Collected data

(* Let $n\ge 3$, $n\neq 4$, and let $\Gamma$ be the graph with vertex set $\{u_i,v_i: i\in\mathbb Z_n\}$ in which $u_i$ and $v_i$ both have neighbourhood $\{u_{i-1},u_{i+1},v_{i-1},v_{i+1}\}$ (this is the Rose Window graph $R_n(2,1)$ with $u_i=x_i$, $v_i=y_{i-1}$). For $i\in\mathbb Z_n$ let $\sigma_i$ be the automorphism interchanging $u_i$ and $v_i$ and fixing all other vertices, and let $N=\langle\sigma_0,\ldots,\sigma_{n-1}\rangle$; denote $\prod_{j}\sigma_j^{i_j}\in N$ ($i_j\in\{0,1\}$) by the tuple $(i_0,i_1,\ldots,i_{n-1})$. Let $\mathcal M$ be a map of class $2_{\{0,1\}}$ with underlying graph $\Gamma$ and let $T=N\cap\mathrm{Aut}(\mathcal M)$. Then either $T=\{(0,0,\ldots,0),(0,1,1,0,1,1,\ldots,0,1,1),(1,0,1,1,0,1,\ldots,1,0,1),(1,1,0,1,1,0,\ldots,1,1,0)\}$, in which case $3\mid n$, or $T=\{(0,0,\ldots,0),(0,1,0,1,\ldots,0,1),(1,0,1,0,\ldots,1,0),(1,1,\ldots,1)\}$, in which case $2\mid n$. In particular, $\gcd(n,6)\neq 1$.
   Context: A map is a $2$-cell embedding of a connected simple graph (its underlying graph) in a closed surface; the components of the complement are the faces. All maps considered are polytopal: flags correspond bijectively to incident triples (vertex, edge, face). For a flag $\Phi$ and $i\in\{0,1,2\}$, $\Phi^i$ is the unique flag differing from $\Phi$ exactly in its vertex ($i=0$), edge ($i=1$) or face ($i=2$). $\mathrm{Aut}(\mathcal M)$ is the group of automorphisms of the underlying graph preserving the set of faces, acting on flags. A map is in class $2_{\{0,1\}}$ if $\mathrm{Aut}(\mathcal M)$ has exactly two orbits on flags and for every flag $\Phi$, the flags $\Phi^0,\Phi^1$ lie in the orbit of $\Phi$ while $\Phi^2$ does not. *)

theory Defs
  imports Main
begin

definition simple_graph :: "'v set \<Rightarrow> 'v set set \<Rightarrow> bool" where
  "simple_graph V E \<longleftrightarrow> finite V \<and>
     (\<forall>e\<in>E. \<exists>x y. x \<noteq> y \<and> x \<in> V \<and> y \<in> V \<and> e = {x, y})"

definition connected_graph :: "'v set \<Rightarrow> 'v set set \<Rightarrow> bool" where
  "connected_graph V E \<longleftrightarrow> V \<noteq> {} \<and>
     (\<forall>A. A \<subseteq> V \<and> A \<noteq> {} \<and> (\<forall>e\<in>E. \<forall>x\<in>e. \<forall>y\<in>e. x \<in> A \<longrightarrow> y \<in> A) \<longrightarrow> A = V)"

definition is_cycle_edges :: "'v set set \<Rightarrow> 'v set set \<Rightarrow> bool" where
  "is_cycle_edges E C \<longleftrightarrow> C \<subseteq> E \<and> finite C \<and> C \<noteq> {} \<and>
     (\<forall>x\<in>\<Union>C. card {e\<in>C. x \<in> e} = 2) \<and>
     (\<forall>D. D \<subseteq> C \<and> D \<noteq> {} \<and> (\<forall>e\<in>D. \<forall>e'\<in>C. e \<inter> e' \<noteq> {} \<longrightarrow> e' \<in> D) \<longrightarrow> D = C)"

(* A polytopal map with underlying graph (V,E), described combinatorially by its set F
   of faces, each face given by the edge set of its boundary cycle.  Closed-surface
   conditions: every edge lies in exactly two faces, and the faces around each vertex
   form a single cycle (connected vertex link). *)
definition polytopal_map :: "'v set \<Rightarrow> 'v set set \<Rightarrow> 'v set set set \<Rightarrow> bool" where
  "polytopal_map V E F \<longleftrightarrow> simple_graph V E \<and> connected_graph V E \<and>
     (\<forall>f\<in>F. is_cycle_edges E f) \<and>
     (\<forall>e\<in>E. card {f\<in>F. e \<in> f} = 2) \<and>
     (\<forall>v\<in>V. \<forall>A. A \<subseteq> {e\<in>E. v \<in> e} \<and> A \<noteq> {} \<and>
        (\<forall>e\<in>A. \<forall>e'\<in>{e\<in>E. v \<in> e}. (\<exists>f\<in>F. e \<in> f \<and> e' \<in> f) \<longrightarrow> e' \<in> A)
        \<longrightarrow> A = {e\<in>E. v \<in> e})"

type_synonym 'v flag = "'v \<times> 'v set \<times> 'v set set"
text \<open>On a shortest path \<open>x z\<^sub>1 z\<^sub>2 \<dots> y\<close> of length at least 3, the vertex \<open>y\<close> resolves
  all pairs of the triple \<open>x, z\<^sub>1, z\<^sub>2\<close>.\<close>

lemma nonadjacent_common_neighbour:
  assumes "x \<in> V" "y \<in> V" "x \<noteq> y" "\<not> A x y"
  obtains w where "A x w" "A w y"
proof -
  have "gdist G x y \<noteq> 0" "gdist G x y \<noteq> 1" using assms dist_eq_0_iff dist_eq_1_iff by auto
  then obtain k where k: "gdist G x y = Suc (Suc k)"
    by (metis One_nat_def not0_implies_Suc)
  obtain z1 where z1: "A x z1" "gdist G z1 y = Suc k"
    using gdist_SucE[OF simple connected assms(1,2) k] by blast
  have z1V: "z1 \<in> V" using adjD z1 by blast
  show thesis
  proof (cases k)
    case 0
    then have "z1 \<noteq> y" using z1(2) gdist_self[OF assms(2)] by auto
    then have "A z1 y" using z1 dist_eq_1_iff[OF z1V assms(2)] 0 by simp
    then show thesis using that z1 by blast
  next
    case (Suc j)
    obtain z2 where z2: "A z1 z2" "gdist G z2 y = Suc j"
      using gdist_SucE[OF simple connected z1V assms(2)] z1(2) Suc by blast
    have z2V: "z2 \<in> V" using adjD z2 by blast
    have y: "y \<in> V - {x, z1, z2}" using gdist_self[OF assms(2)] k z1 z2 assms(2) by auto
    have "x \<noteq> z1" "x \<noteq> z2" "z1 \<noteq> z2" using k z1 z2 Suc by auto
    then have False
    proof (rule no_triple_resolved_by_rest[OF assms(1) z1V z2V])
      fix p q assume "p \<in> {x, z1, z2}" "q \<in> {x, z1, z2}" "p \<noteq> q"
      then have "gdist G p y \<noteq> gdist G q y" using k z1 z2 Suc by auto
      then show "\<exists>s\<in>V - {x, z1, z2}. gdist G p s \<noteq> gdist G q s" using y by blast
    qed
    then show thesis ..
  qed
qed
lemma A_n_equiv_P_n_min:
  fixes d n :: nat
  defines "k \<equiv> min n (d - 1)"
  shows "obs_equiv d (outcomes_n n) (A_n d) {1..k + 1} (P_n d k)"
proof -
  define m where "m j = (if j \<le> 1 then k else k + 1 - j)" for j :: nat
  have m_le: "m j \<le> k" for j
    by (auto simp: m_def)
  have m_onto: "\<exists>j \<in> {1..k + 1}. m j = l" if "l \<le> k" for l
    using that by (intro bexI[of _ "if l = k then 1 else k + 1 - l"]) (auto simp: m_def)
  have k_le: "k \<le> n" and k_le_d: "k \<le> d - 1"
    by (simp_all add: k_def)
  show ?thesis
  proof (rule obs_equiv_relabel[where g = "\<lambda>j. ones_zeros (m j) n"])
    show "(\<lambda>j. ones_zeros (m j) n) ` {1..k + 1} \<subseteq> outcomes_n n"
      using m_le k_le by (auto intro: ones_zeros_in_outcomes order_trans)
    show "inj_on (\<lambda>j. ones_zeros (m j) n) {1..k + 1}"
    proof (rule inj_onI)
      fix i j assume "i \<in> {1..k + 1}" "j \<in> {1..k + 1}" "ones_zeros (m i) n = ones_zeros (m j) n"
      moreover from this have "m i = m j"
        using m_le k_le by (auto intro: ones_zeros_inject order_trans)
      ultimately show "i = j"
        by (auto simp: m_def split: if_splits)
    qed
    show "A_n d (ones_zeros (m j) n) = P_n d k j" if "j \<in> {1..k + 1}" for j
    proof (cases "j = 1")
      case True
      then show ?thesis
        using k_le unfolding A_n_ones_zeros[OF order_trans[OF m_le k_le]] P_n_1 True
        by (intro diag_proj_cong) (auto simp: m_def k_def)
    next
      case False
      with that k_le k_le_d show ?thesis
        unfolding A_n_ones_zeros[OF order_trans[OF m_le k_le]] P_n_singleton[OF False]
        by (intro diag_proj_cong) (auto simp: m_def)
    qed
    show "A_n d ws = 0\<^sub>m d d" if "ws \<in> outcomes_n n - (\<lambda>j. ones_zeros (m j) n) ` {1..k + 1}" for ws
    proof (rule A_n_eq_0_unless_short_ones_zeros)
      show "ws \<in> outcomes_n n" using that by blast
      show "\<forall>l \<le> min n (d - 1). ws \<noteq> ones_zeros l n"
        unfolding k_def[symmetric] using that m_onto by blast
    qed
  qed (auto simp: finite_outcomes_n P_n_carrier)
qed

theorem proposition3:
  fixes d :: nat
  assumes "d \<ge> 2"
  shows "\<forall>n::nat.
           (1 \<le> n \<and> n \<le> d - 1 \<longrightarrow>
              obs_equiv d (outcomes_n n) (A_n d) {1..n+1} (P_n d n)) \<and>
           (d - 1 \<le> n \<longrightarrow>
              obs_equiv d (outcomes_n n) (A_n d) {1..d} (P_n d (d - 1)))"
proof (intro allI conjI impI)
  fix n :: nat
  show "obs_equiv d (outcomes_n n) (A_n d) {1..n+1} (P_n d n)" if "1 \<le> n \<and> n \<le> d - 1"
    using A_n_equiv_P_n_min[of d n] that by (simp add: min_absorb1)
  show "obs_equiv d (outcomes_n n) (A_n d) {1..d} (P_n d (d - 1))" if "d - 1 \<le> n"
    using A_n_equiv_P_n_min[of d n] that assms by (simp add: min_absorb2)
qed

end
(* Let $\arctan$ be the principal branch of the inverse tangent with $\arctan0=0$. For $|z-1|<1$, \[ \frac{\arctan z-\frac{\pi}{4}}{z}=\sum_{n=1}^{\infty}(-1)^nT(n)(z-1)^n, \] where $T(n)=\sum_{k=1}^{n}\frac{(-1)^k}{2^{k/2}k}\sin\frac{3k\pi}{4}$ for $n\ge1$. *)

theory Defs
  imports "HOL-Analysis.Analysis"
begin

definition T :: "nat \<Rightarrow> real" where
  "T n = (\<Sum>k=1..n. (-1)^k / (2 powr (real k / 2) * real k) * sin (3 * real k * pi / 4))"

end

theory Submission
  imports Defs
begin

text \<open>Put \<open>u = 1 - z\<close> and \<open>\<omega> = (1 + \<i>) / 2 = exp (\<i> \<pi> / 4) / sqrt 2\<close>. Since
  \<open>1 + z\<^sup>2 = 2 (1 - cnj \<omega> u) (1 - \<omega> u)\<close>, partial fractions show that
  \<open>Arctan z - \<pi> / 4\<close> and \<open>\<i> / 2 (Ln (1 - cnj \<omega> u) - Ln (1 - \<omega> u))\<close> have the same
  derivative on the disc \<open>|u| < 1\<close>; both vanish at \<open>z = 1\<close>, so they agree. Expanding the
  logarithms gives \<open>Arctan z - \<pi> / 4 = \<Sum>\<^sub>k t\<^sub>k u\<^sup>k\<close> with \<open>t\<^sub>k = - Im (\<omega>\<^sup>k) / k\<close>, the \<open>k\<close>-th
  summand of \<open>T\<close>. Dividing by \<open>z = 1 - u\<close> is a Cauchy product with the geometric series
  \<open>\<Sum>\<^sub>n u\<^sup>n\<close>, which turns the coefficients \<open>t\<^sub>k\<close> into their partial sums \<open>T n\<close>.\<close>

lemma sums_partial_sums_mult_power:
  fixes c :: "nat \<Rightarrow> 'a::{real_normed_field,banach}"
  assumes x: "norm x < 1"
    and summable_norm: "summable (\<lambda>n. norm (c n * x ^ n))"
    and sums: "(\<lambda>n. c n * x ^ n) sums S"
  shows "(\<lambda>n. (\<Sum>k\<le>n. c k) * x ^ n) sums (S / (1 - x))"
proof -
  have geometric: "(\<lambda>n. x ^ n) sums (1 / (1 - x))"
    using geometric_sums[OF x] .
  have "summable (\<lambda>n. norm (x ^ n))"
    using x by (simp add: norm_power summable_geometric)
  from Cauchy_product_sums[OF summable_norm this]
  have "(\<lambda>n. \<Sum>k\<le>n. c k * x ^ k * x ^ (n - k)) sums (S * (1 / (1 - x)))"
    by (simp only: sums_unique[OF sums] sums_unique[OF geometric])
  moreover have "(\<Sum>k\<le>n. c k * x ^ k * x ^ (n - k)) = (\<Sum>k\<le>n. c k) * x ^ n" for n
    by (simp add: sum_distrib_right mult.assoc flip: power_add)
  ultimately show ?thesis
    by simp
qed

text \<open>The summand for \<open>k = 0\<close> is \<open>0\<close> because of \<open>x / 0 = 0\<close>.\<close>

definition T_summand :: "nat \<Rightarrow> real" where
  "T_summand k = (-1)^k / (2 powr (real k / 2) * real k) * sin (3 * real k * pi / 4)"

lemma T_eq_sum_atMost: "T n = (\<Sum>k\<le>n. T_summand k)"
  by (simp add: T_def T_summand_def atMost_atLeast0 sum.atLeast_Suc_atMost)

definition \<omega> :: complex where
  "\<omega> = (1 + \<i>) / 2"

lemma \<omega>_eq_rcis: "\<omega> = rcis (1 / sqrt 2) (pi / 4)"
  by (simp add: \<omega>_def rcis_def cis.ctr cos_45 sin_45 complex_eq_iff field_simps)

lemma norm_\<omega>_le_1: "norm \<omega> \<le> 1"
  by (simp add: \<omega>_eq_rcis)

lemma T_summand_eq_Im_\<omega>_power: "T_summand n = - Im (\<omega> ^ n) / n"
proof -
  have "sin (3 * real n * pi / 4) = sin (real n * pi - real n * pi / 4)"
    by (simp add: field_simps)
  also have "\<dots> = - ((-1) ^ n * sin (real n * pi / 4))"
    by (simp only: sin_diff sin_npi cos_npi)
  finally have "sin (3 * real n * pi / 4) = - ((-1) ^ n * sin (real n * pi / 4))" .
  moreover have "2 powr (real n / 2) = sqrt 2 ^ n"
    by (simp add: powr_half_sqrt[symmetric] powr_realpow[symmetric] powr_powr)
  ultimately show ?thesis
    by (simp add: T_summand_def \<omega>_eq_rcis DeMoivre2 power_divide field_simps flip: power_mult_distrib)
qed

lemma abs_T_summand_le_1: "\<bar>T_summand n\<bar> \<le> 1"
proof -
  have "\<bar>Im (\<omega> ^ n)\<bar> \<le> 1"
    using abs_Im_le_cmod[of "\<omega> ^ n"] power_le_one[OF norm_ge_zero norm_\<omega>_le_1, of n]
    by (simp add: norm_power)
  then show ?thesis
    by (cases "n = 0") (auto simp: T_summand_eq_Im_\<omega>_power divide_le_eq intro: order_trans)
qed

lemma summable_norm_T_summand_mult_power:
  assumes "norm u < 1"
  shows "summable (\<lambda>n. norm (complex_of_real (T_summand n) * u ^ n))"
proof (rule summable_comparison_test')
  show "summable (\<lambda>n. norm u ^ n)"
    using assms by (simp add: summable_geometric)
  show "norm (norm (complex_of_real (T_summand n) * u ^ n)) \<le> norm u ^ n" for n
    using mult_right_mono[OF abs_T_summand_le_1, of "norm u ^ n"]
    by (simp add: norm_mult norm_power)
qed

lemma one_minus_notin_nonpos_Reals:
  fixes u :: complex
  assumes "norm u < 1"
  shows "1 - u \<notin> \<real>\<^sub>\<le>\<^sub>0"
proof -
  have "Re u < 1"
    using abs_Re_le_cmod[of u] assms by linarith
  then show ?thesis
    by (simp add: complex_nonpos_Reals_iff)
qed

lemma norm_\<omega>_mult_less_1:
  assumes "norm u < 1"
  shows "norm (\<omega> * u) < 1" "norm (cnj \<omega> * u) < 1"
  using assms mult_left_le_one_le[OF norm_ge_zero norm_ge_zero norm_\<omega>_le_1, of u]
  by (simp_all add: norm_mult)

lemma has_field_derivative_Ln_affine:
  assumes "1 - c * (1 - z) \<notin> \<real>\<^sub>\<le>\<^sub>0"
  shows "((\<lambda>w. Ln (1 - c * (1 - w))) has_field_derivative c / (1 - c * (1 - z))) (at z)"
proof -
  have "((\<lambda>w. Ln (1 - c * (1 - w))) has_field_derivative inverse (1 - c * (1 - z)) * c) (at z)"
    by (rule DERIV_chain2[of Ln _ "\<lambda>w. 1 - c * (1 - w)", OF has_field_derivative_Ln[OF assms]])
      (auto intro!: derivative_eq_intros)
  then show ?thesis
    by (simp add: divide_inverse_commute)
qed

lemma inverse_1_plus_square_partial_fractions:
  fixes z :: complex
  assumes "1 - cnj \<omega> * (1 - z) \<noteq> 0" and "1 - \<omega> * (1 - z) \<noteq> 0"
  shows "\<i> / 2 * (cnj \<omega> / (1 - cnj \<omega> * (1 - z)) - \<omega> / (1 - \<omega> * (1 - z))) = inverse (1 + z\<^sup>2)"
proof -
  have product: "(1 - cnj \<omega> * (1 - z)) * (1 - \<omega> * (1 - z)) = (1 + z\<^sup>2) / 2"
    and numerator: "cnj \<omega> * (1 - \<omega> * (1 - z)) - \<omega> * (1 - cnj \<omega> * (1 - z)) = - \<i>"
    by (auto simp: \<omega>_def complex_eq_iff power2_eq_square field_simps)
  have "cnj \<omega> / (1 - cnj \<omega> * (1 - z)) - \<omega> / (1 - \<omega> * (1 - z))
      = (cnj \<omega> * (1 - \<omega> * (1 - z)) - \<omega> * (1 - cnj \<omega> * (1 - z)))
        / ((1 - cnj \<omega> * (1 - z)) * (1 - \<omega> * (1 - z)))"
    using assms by (simp add: field_simps)
  also have "\<dots> = - \<i> / ((1 + z\<^sup>2) / 2)"
    by (simp only: product numerator)
  finally show ?thesis
    by (simp only:) (simp add: field_split_simps)
qed

lemma Arctan_minus_pi_div_4_eq_Ln:
  assumes "norm (z - 1) < 1"
  shows "Arctan z - complex_of_real pi / 4
    = \<i> / 2 * (Ln (1 - cnj \<omega> * (1 - z)) - Ln (1 - \<omega> * (1 - z)))"
proof -
  define F where
    "F w = Arctan w - \<i> / 2 * (Ln (1 - cnj \<omega> * (1 - w)) - Ln (1 - \<omega> * (1 - w)))" for w
  have "(F has_field_derivative 0) (at w within ball 1 1)" if "w \<in> ball 1 1" for w
  proof -
    have u: "norm (1 - w) < 1"
      using that by (simp add: dist_norm)
    have A: "1 - cnj \<omega> * (1 - w) \<notin> \<real>\<^sub>\<le>\<^sub>0" and B: "1 - \<omega> * (1 - w) \<notin> \<real>\<^sub>\<le>\<^sub>0"
      by (intro one_minus_notin_nonpos_Reals norm_\<omega>_mult_less_1 u)+
    have "Re w > 0"
      using abs_Re_le_cmod[of "1 - w"] u by simp
    then have "(Arctan has_field_derivative inverse (1 + w\<^sup>2)) (at w)"
      by (intro has_field_derivative_Arctan) simp
    then have "(F has_field_derivative inverse (1 + w\<^sup>2)
        - \<i> / 2 * (cnj \<omega> / (1 - cnj \<omega> * (1 - w)) - \<omega> / (1 - \<omega> * (1 - w)))) (at w)"
      unfolding F_def by (intro DERIV_diff DERIV_cmult has_field_derivative_Ln_affine A B)
    moreover have "\<i> / 2 * (cnj \<omega> / (1 - cnj \<omega> * (1 - w)) - \<omega> / (1 - \<omega> * (1 - w)))
        = inverse (1 + w\<^sup>2)"
      using A B by (intro inverse_1_plus_square_partial_fractions) auto
    ultimately show ?thesis
      by (simp add: has_field_derivative_at_within)
  qed
  then obtain c where "\<forall>w\<in>ball 1 1. F w = c"
    using has_field_derivative_zero_constant[of "ball 1 1" F] by auto
  moreover have "F 1 = complex_of_real pi / 4"
    using Arctan_of_real[of 1] by (simp add: F_def arctan_one)
  ultimately have "F z = complex_of_real pi / 4"
    using assms by (simp add: dist_norm norm_minus_commute)
  then show ?thesis
    unfolding F_def diff_eq_eq by (simp only: add.commute)
qed

lemma Arctan_minus_pi_div_4_sums:
  assumes "norm (z - 1) < 1"
  shows "(\<lambda>n. complex_of_real (T_summand n) * (1 - z) ^ n) sums (Arctan z - complex_of_real pi / 4)"
proof -
  have u: "norm (1 - z) < 1"
    using assms by (simp add: norm_minus_commute)
  have Ln_sums: "(\<lambda>n. - ((c * (1 - z)) ^ n) / of_nat n) sums Ln (1 - c * (1 - z))"
    if "norm (c * (1 - z)) < 1" for c
    using Ln_series'[of "- c * (1 - z)"] that by simp
  have "(\<lambda>n. \<i> / 2 * (- ((cnj \<omega> * (1 - z)) ^ n) / of_nat n - - ((\<omega> * (1 - z)) ^ n) / of_nat n))
      sums (Arctan z - complex_of_real pi / 4)"
    unfolding Arctan_minus_pi_div_4_eq_Ln[OF assms]
    by (intro sums_mult sums_diff Ln_sums norm_\<omega>_mult_less_1 u)
  moreover have "\<i> / 2 * (- ((cnj \<omega> * (1 - z)) ^ n) / of_nat n - - ((\<omega> * (1 - z)) ^ n) / of_nat n)
      = complex_of_real (T_summand n) * (1 - z) ^ n" for n
  proof -
    have "\<i> / 2 * (- ((cnj \<omega> * (1 - z)) ^ n) / of_nat n - - ((\<omega> * (1 - z)) ^ n) / of_nat n)
        = \<i> / 2 * (\<omega> ^ n - cnj (\<omega> ^ n)) / of_nat n * (1 - z) ^ n"
      by (simp only: power_mult_distrib complex_cnj_power) (simp add: algebra_simps diff_divide_distrib)
    also have "\<dots> = complex_of_real (T_summand n) * (1 - z) ^ n"
      by (subst complex_diff_cnj) (simp add: T_summand_eq_Im_\<omega>_power algebra_simps)
    finally show ?thesis .
  qed
  ultimately show ?thesis
    by simp
qed

theorem corollary3p1:
  fixes z :: complex
  assumes "cmod (z - 1) < 1"
  shows "(\<lambda>n. (-1) ^ (n + 1) * complex_of_real (T (n + 1)) * (z - 1) ^ (n + 1))
           sums ((Arctan z - complex_of_real pi / 4) / z)"
proof -
  have u: "norm (1 - z) < 1"
    using assms by (simp add: norm_minus_commute)
  from sums_partial_sums_mult_power[OF u summable_norm_T_summand_mult_power[OF u]
      Arctan_minus_pi_div_4_sums[OF assms]]
  have "(\<lambda>n. complex_of_real (T n) * (1 - z) ^ n) sums ((Arctan z - complex_of_real pi / 4) / z)"
    by (simp add: T_eq_sum_atMost)
  then have "(\<lambda>n. complex_of_real (T (Suc n)) * (1 - z) ^ Suc n) sums ((Arctan z - complex_of_real pi / 4) / z)"
    by (subst sums_Suc_iff) (simp add: T_def)
  moreover have "(\<lambda>n. (-1) ^ (n + 1) * complex_of_real (T (n + 1)) * (z - 1) ^ (n + 1))
      = (\<lambda>n. complex_of_real (T (Suc n)) * (1 - z) ^ Suc n)"
  proof -
    have sign: "(-1) ^ m * (z - 1) ^ m = (1 - z) ^ m" for m :: nat
      by (simp only: power_mult_distrib[symmetric] mult_minus1 minus_diff_eq)
    show ?thesis
      by (simp only: Suc_eq_plus1 mult_ac flip: sign)
  qed
  ultimately show ?thesis
    by (simp only:)
qed

end
theorem theorem5p3:
  fixes h :: real and n :: nat
  assumes "h > 0" and "n \<ge> 1"
  shows "{\<theta> \<in> theta_domain n. \<not> invertible_mat (Theta_mat h n \<theta>)}
           \<in> null_sets (PiM {..<n} (\<lambda>_. lborel))"
proof -
  have "{\<theta> \<in> theta_domain n. \<not> invertible_mat (Theta_mat h n \<theta>)} = Theta_singular h n"
    unfolding Theta_singular_def
    using invertible_mat_iff_det_nonzero[OF Theta_mat_carrier] by blast
  with Theta_singular_null[of h n] assms(1) show ?thesis
    by simp
qed

end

THE PROBLEM
Where a line of the entries contains the word "bool", copy that line.

TASK SOLUTION
definition simple_graph :: "'v set \<Rightarrow> 'v set set \<Rightarrow> bool" where
definition connected_graph :: "'v set \<Rightarrow> 'v set set \<Rightarrow> bool" where
definition is_cycle_edges :: "'v set set \<Rightarrow> 'v set set \<Rightarrow> bool" where
definition polytopal_map :: "'v set \<Rightarrow> 'v set set \<Rightarrow> 'v set set set \<Rightarrow> bool" where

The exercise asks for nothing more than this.